__EXERCISE BRIEF__: In the listing below, locate the line that contains "theory Submission" and the line that contains "comes from (A4): the". Restate word for word those two lines and every line between them, and nothing else.
(EXTRACTED MATERIAL Opens)
(* Assume (A3) and (A4), and let $\rho\in[0,\epsilon]$. Let $x\in R\mathbb{B}$ and $s\in\partial g(x)$ with $s\ne0$, and set $$x^+=\Pi_{R\mathbb{B}}\Big(x-\frac{[g(x)+\rho]_+}{\|s\|^2}s\Big).$$ Then $$\mathrm{dist}^2(x^+,\mathcal{X}_\rho)\le\Big(1-\frac{\sigma^2}{G_g^2}\Big)\mathrm{dist}^2(x,\mathcal{X}_\rho).$$
   Context: Let $g:\mathbb{R}^d\to\mathbb{R}$ be convex with subdifferential $\partial g(x)$. Let $R>0$ and $\mathbb{B}=\{x\in\mathbb{R}^d:\|x\|\le1\}$, with $\|\cdot\|$ the Euclidean norm. Set $\mathcal{X}=\{x:g(x)\le0\}$ and assume $\mathcal{X}\subseteq R\mathbb{B}$. For $\rho\ge0$ set $\mathcal{X}_\rho=\{x:g(x)\le-\rho\}$. $\Pi_{\mathcal{Y}}$ denotes Euclidean projection onto a closed convex set $\mathcal{Y}$. Write $\mathrm{dist}(z,\mathcal{Y})=\min_{y\in\mathcal{Y}}\|z-y\|$ and $[a]_+=\max(a,0)$. Assumptions: (A3) there is $G_g>0$ with $\|s\|\le G_g$ for all $s\in\partial g(x)$ and all $x\in R\mathbb{B}$; (A4) there are $\sigma,\epsilon>0$ such that $\{x:g(x)=-\epsilon\}$ is nonempty and $\|s\|\ge\sigma$ for all $s\in\partial g(x)$ whenever $g(x)=-\epsilon$. *)

theory Defs
  imports "HOL-Analysis.Analysis"
begin

definition subdifferential :: "('a::real_inner \<Rightarrow> real) \<Rightarrow> 'a \<Rightarrow> 'a set" where
  "subdifferential g x = {s. \<forall>y. g y \<ge> g x + inner s (y - x)}"

definition sublevel :: "('a \<Rightarrow> real) \<Rightarrow> real \<Rightarrow> 'a set" where
  "sublevel g \<rho> = {x. g x \<le> - \<rho>}"

end

theory Submission
  imports Defs
begin

text \<open>
  If x lies above the level \<rho>, the Polyak step decreases the squared distance to any point p
  of the sublevel set by the square of (g x + \<rho>) / \<parallel>s\<parallel>, by the subgradient inequality at x.
  Projecting onto the ball does not destroy this, since the nearest point of the sublevel set
  lies in the ball and projection is nonexpansive. The decrease is turned into a contraction
  by the error bound \<sigma> dist(x, X_\<rho>) \<le> g x + \<rho>, together with \<parallel>s\<parallel> \<le> G_g. The error bound
  comes from (A4): the nearest point q of the level set {g \<le> -\<epsilon>} carries a subgradient t
  that is an outer normal of that set at q, so g x + \<epsilon> \<ge> \<parallel>t\<parallel> dist(x, q) \<ge> \<sigma> dist(x, q);
  moving from q towards x until g reaches -\<rho> scales both sides by the same factor.
\<close>

lemma closed_sublevel:
  fixes g :: "'a::euclidean_space \<Rightarrow> real"
  assumes "convex_on UNIV g"
  shows "closed (sublevel g \<rho>)"
  unfolding sublevel_def
  using convex_on_continuous[OF open_UNIV assms]
  by (intro closed_Collect_le) (auto intro: continuous_intros)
(EXTRACTED MATERIAL Closes)
__RESULT BELOW__:
theory Submission
  imports Defs
begin

text \<open>
  If x lies above the level \<rho>, the Polyak step decreases the squared distance to any point p
  of the sublevel set by the square of (g x + \<rho>) / \<parallel>s\<parallel>, by the subgradient inequality at x.
  Projecting onto the ball does not destroy this, since the nearest point of the sublevel set
  lies in the ball and projection is nonexpansive. The decrease is turned into a contraction
  by the error bound \<sigma> dist(x, X_\<rho>) \<le> g x + \<rho>, together with \<parallel>s\<parallel> \<le> G_g. The error bound
  comes from (A4): the nearest point q of the level set {g \<le> -\<epsilon>} carries a subgradient t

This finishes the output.